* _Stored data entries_

────

lemma word_ratio_le_power:
  assumes "\<And>i. i \<in> I \<Longrightarrow> 0 < c i \<and> c i \<le> q" "set w \<subseteq> I"
  shows "word_ratio c w \<le> q ^ length w"
  using assms(2)
proof (induction w)
  case (Cons i w)
  then have "c i \<le> q" "0 \<le> c i" "0 \<le> word_ratio c w"
    using assms(1) word_ratio_pos[of I c w] by force+
  with Cons show ?case by (auto intro: mult_mono)
qed simp

lemma word_ratio_eq_prod_count:
  assumes "finite I" "set w \<subseteq> I"
  shows "word_ratio c w = (\<Prod>i\<in>I. c i ^ count_list w i)"
  using assms(2)
proof (induction w)
  case (Cons j w)
  have "(\<Prod>i\<in>I. c i ^ count_list (j # w) i)
      = (\<Prod>i\<in>I. (if i = j then c i else 1) * c i ^ count_list w i)"
    by (intro prod.cong) auto
  also have "\<dots> = c j * (\<Prod>i\<in>I. c i ^ count_list w i)"
    using Cons.prems assms(1) by (simp add: prod.distrib prod.delta)
  finally show ?case using Cons by simp
qed simp

lemma card_word_ratios_le:
  assumes "finite I"
  shows "card (word_ratio c ` (\<Union>k<n. words I k)) \<le> n ^ card I"
proof -
  let ?exponents = "PiE I (\<lambda>_. {..<n})"
  have "word_ratio c ` (\<Union>k<n. words I k) \<subseteq> (\<lambda>m. \<Prod>i\<in>I. c i ^ m i) ` ?exponents"
  proof
    fix v assume "v \<in> word_ratio c ` (\<Union>k<n. words I k)"
    then obtain w where w: "set w \<subseteq> I" "length w < n" and v: "v = word_ratio c w"
      unfolding words_def by blast
    have "restrict (count_list w) I \<in> ?exponents"
      using w by (auto intro: le_less_trans[OF count_le_length])
    moreover have "v = (\<Prod>i\<in>I. c i ^ restrict (count_list w) I i)"
      using v word_ratio_eq_prod_count[OF assms w(1)] by simp
    ultimately show "v \<in> (\<lambda>m. \<Prod>i\<in>I. c i ^ m i) ` ?exponents" by blast
  qed
  then have "card (word_ratio c ` (\<Union>k<n. words I k)) \<le> card ((\<lambda>m. \<Prod>i\<in>I. c i ^ m i) ` ?exponents)"
    using assms by (intro card_mono) (auto intro: finite_PiE)
  also have "\<dots> \<le> card ?exponents"
    by (rule card_image_le) (use assms in \<open>auto intro: finite_PiE\<close>)
  also have "\<dots> = n ^ card I" using assms by (simp add: card_PiE)
  finally show ?thesis .
qed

────

* _Problem to solve_
Above are the records. Identify each line that contains the word "auto".

* _Solution_
  with Cons show ?case by (auto intro: mult_mono)
    by (intro prod.cong) auto
      using w by (auto intro: le_less_trans[OF count_le_length])
    using assms by (intro card_mono) (auto intro: finite_PiE)
    by (rule card_image_le) (use assms in \<open>auto intro: finite_PiE\<close>)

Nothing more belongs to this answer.